Simple RAG Example

RAG
DeepSeek
LLMs
Claude
Published

January 24, 2025

Simple RAG Example

Retreival Augmented Generation

Thank you Ben Clavié for getting me started on this path.

https://parlance-labs.com/education/rag/ben.html

rag-tree.webp

  • RAG is Retreival Augmented Generation.
  • It just means ‘provide relevant context’
  • It works by
  1. creating an embedding from a prompt
  2. creating embeddings from sections of a document
  3. finding the cosine similarity between the prompt and each section of the document.
  4. providing those most relevant sections of the document to a generative model to generate an answer.

-Once the paragraph with the hightest cosine similarity to the prompt is found, the top 3 sentences are fed into a generative model to generate an answer.

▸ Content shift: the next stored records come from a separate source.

lemma eventually_TM_op_gamma_density_neq:
  assumes "0 < \<mu>" "\<mu> < 1"
  shows "eventually (\<lambda>x. TM_op \<mu> (gamma_density a \<beta>) x \<noteq> gamma_density a \<beta> x) (at_right 0)"
proof -
  consider "1 \<le> a" | "a < 1" "2 * (1 - a) < \<mu>" | "a < 1" "\<mu> \<le> 2 * (1 - a)"
    by linarith
  then show ?thesis
  proof cases
    case 1
    then show ?thesis
      using eventually_gamma_density_less_TM_op_of_ge1[OF 1, of \<mu>] assms
      by (auto elim: eventually_mono)
  next
    case 2
    then show ?thesis
      using eventually_gamma_density_less_TM_op_of_lt1[OF 2(1) _ _ 2(2)] assms
      by (auto elim: eventually_mono)
  next
    case 3
    then show ?thesis
      using eventually_TM_op_less_gamma_density[OF 3(1) assms 3(2)]
      by (auto elim: eventually_mono)
  qed
qed

end

theorem mainTheorem6:
  fixes \<mu> a \<beta> :: real
  assumes "0 < \<mu>" "\<mu> < 1" "0 < a" "0 < \<beta>"
  shows "\<not> (\<forall>x>0. TM_op \<mu> (gamma_density a \<beta>) x = gamma_density a \<beta> x)"
proof -
  have "eventually (\<lambda>x. 0 < x \<and> TM_op \<mu> (gamma_density a \<beta>) x \<noteq> gamma_density a \<beta> x) (at_right 0)"
    using eventually_at_right_less eventually_TM_op_gamma_density_neq[OF assms(3,4,1,2)]
    by (rule eventually_conj)
  then obtain x where "0 < x" "TM_op \<mu> (gamma_density a \<beta>) x \<noteq> gamma_density a \<beta> x"
    using eventually_happens'[OF trivial_limit_at_right_real] by blast
  then show ?thesis
    by blast
qed

end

# %pip install -U sentence-transformers
# %pip install wikipedia-api
# %pip install claudette
# %pip install ollama
# !ollama pull deepseek-r1:1.5b
from sentence_transformers import SentenceTransformer
from wikipediaapi import Wikipedia
from claudette import Chat, models
import re
import ollama
import numpy as np

I got the model list from here https://www.sbert.net/docs/sentence_transformer/pretrained_models.html

For a github repo it might be better to choose a code model.

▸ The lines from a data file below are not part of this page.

definition commutator :: "('a, 'b) monoid_scheme \<Rightarrow> 'a \<Rightarrow> 'a \<Rightarrow> 'a" where
  "commutator G x y = inv\<^bsub>G\<^esub> x \<otimes>\<^bsub>G\<^esub> inv\<^bsub>G\<^esub> y \<otimes>\<^bsub>G\<^esub> x \<otimes>\<^bsub>G\<^esub> y"

text \<open>lcs G k = Gamma_k(G), with Gamma_1(G) = G (Gamma_0 also set to G).\<close>
fun lcs :: "('a, 'b) monoid_scheme \<Rightarrow> nat \<Rightarrow> 'a set" where
  "lcs G 0 = carrier G"
| "lcs G (Suc 0) = carrier G"
| "lcs G (Suc (Suc k)) =
     generate G (\<Union>x\<in>lcs G (Suc k). \<Union>y\<in>carrier G. {commutator G x y})"

abbreviation AutF :: "nat \<Rightarrow> (letter list \<Rightarrow> letter list) monoid" where
  "AutF n \<equiv> AutoGroup (free_group n)"

definition Andreadakis :: "nat \<Rightarrow> nat \<Rightarrow> (letter list \<Rightarrow> letter list) set" where
  "Andreadakis n k = {\<phi> \<in> auto (free_group n).
     \<forall>g \<in> carrier (free_group n).
       inv\<^bsub>free_group n\<^esub> g \<otimes>\<^bsub>free_group n\<^esub> \<phi> g \<in> lcs (free_group n) (Suc k)}"

definition xi :: "nat \<Rightarrow> nat \<Rightarrow> nat \<Rightarrow> letter list \<Rightarrow> letter list" where
  "xi n i j = subst_hom n (\<lambda>l. if l = i then [(j, False), (i, True), (j, True)] else [(l, True)])"
lemma has_powser2_first_order_pde_unique:
  assumes "r > 0" and \<alpha>: "has_powser2 a r \<alpha>" and \<beta>: "has_powser2 b r \<beta>" and \<kappa>: "has_powser2 q r \<kappa>"
    and U: "has_powser2 u r U" and \<kappa>0: "\<kappa> (0,0) \<noteq> 0"
    and pde: "\<And>x y. \<bar>x\<bar> < r \<Longrightarrow> \<bar>y\<bar> < r \<Longrightarrow>
               \<alpha> (x,y) * U (x,y) + \<beta> (x,y) * pdx U (x,y) + \<kappa> (x,y) * pdy U (x,y) = 0"
    and axis: "\<And>x. \<bar>x\<bar> < r \<Longrightarrow> U (x,0) = 0"
    and "\<bar>x\<bar> < r" "\<bar>y\<bar> < r"
  shows "U (x,y) = 0"
proof -
  have "has_powser2 (\<lambda>i j. cauchy_prod2 a u i j + cauchy_prod2 b (diffs_x u) i j
                          + cauchy_prod2 q (diffs_y u) i j) r
          (\<lambda>z. \<alpha> z * U z + \<beta> z * pdx U z + \<kappa> z * pdy U z)"
    by (rule has_powser2_add[OF has_powser2_add[OF has_powser2_mult[OF \<alpha> U]
          has_powser2_mult[OF \<beta> has_powser2_pdx[OF U]]] has_powser2_mult[OF \<kappa> has_powser2_pdy[OF U]]])
  hence zero: "has_powser2 (\<lambda>i j. cauchy_prod2 a u i j + cauchy_prod2 b (diffs_x u) i j
                          + cauchy_prod2 q (diffs_y u) i j) r (\<lambda>_. 0)"
    by (rule has_powser2_cong) (simp add: pde)
  have pde_coeffs: "cauchy_prod2 a u i j + cauchy_prod2 b (diffs_x u) i j
                     + cauchy_prod2 q (diffs_y u) i j = 0" for i j
    using has_powser2_zero_coeffs[OF zero \<open>r > 0\<close>, of i j] by simp
  have "(\<lambda>n. u n 0 * s^n) sums 0" if "\<bar>s\<bar> < r" for s
    using has_powser2_axis[OF U that] axis[OF that] by simp
  hence axis_coeffs: "u i 0 = 0" for i
    by (rule powser_sums_zero_imp_coeffs_zero[OF \<open>r > 0\<close>])
  have "u i j = 0" for i j
    by (rule first_order_pde_coeffs_zero[OF pde_coeffs axis_coeffs])
       (use \<kappa>0 has_powser2_at_origin[OF \<kappa> \<open>r > 0\<close>] in simp)
  hence "((\<lambda>(i,j). u i j * x ^ i * y ^ j) has_sum 0) UNIV"
    by (simp add: case_prod_unfold)
  with has_powser2D[OF U \<open>\<bar>x\<bar> < r\<close> \<open>\<bar>y\<bar> < r\<close>] show ?thesis
    using has_sum_unique by blast
qed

model = SentenceTransformer('Alibaba-NLP/gte-base-en-v1.5', trust_remote_code=True)
model
SentenceTransformer(
  (0): Transformer({'max_seq_length': 8192, 'do_lower_case': False}) with Transformer model: NewModel 
  (1): Pooling({'word_embedding_dimension': 768, 'pooling_mode_cls_token': True, 'pooling_mode_mean_tokens': False, 'pooling_mode_max_tokens': False, 'pooling_mode_mean_sqrt_len_tokens': False, 'pooling_mode_weightedmean_tokens': False, 'pooling_mode_lasttoken': False, 'include_prompt': True})
)

Fetch some text content and embed it

!ls
RAG.ipynb         cross-encoder.png example-repo.txt  rag-tree.webp
# wiki = Wikipedia('RAGBot/0.0', 'en')
# doc = wiki.page('Albert Einstein').text

# load a local text file
with open('example-repo.txt', 'r') as file:
    doc = file.read()
    lines = doc.split('\n')

Choose which chunks to split the document into

  • I chose to split the document into lines at the newline character.
  • Other options would be paragraphs.
  • For a repo, I’m choosing to split the document into n overlapping chunks, because otherwise a function might be split in two and not make sense.
n_lines = len(doc.split("\n"))
n_chunks = 50
window_size = n_lines // n_chunks

window_size
885
# combine the sets of lines into chunks of text. 

chunks = [lines[i:i+window_size] for i in range(0, n_lines, window_size)]
shift = window_size // 2
chunks_shift = [lines[i+shift:i+window_size+shift] for i in range(0, n_lines, window_size)]
chunks = chunks + chunks_shift
# ... make embedding
docs_embed = model.encode(chunks, normalize_embeddings=True)
IndexError: list index out of range
wiki.page('Albert Einstein').text[:100]
'Albert Einstein (14 March 1879 – 18 April 1955) was a German-born theoretical physicist who is best '

The embedding has 768 dimensions.

Here’s an example of one of the embeddings - it is from the fourth line of the input text.

Only the first 10 dimensions are shown for brevity, but the semantic content of line 4 is represented by the combination of all 768 dimensions.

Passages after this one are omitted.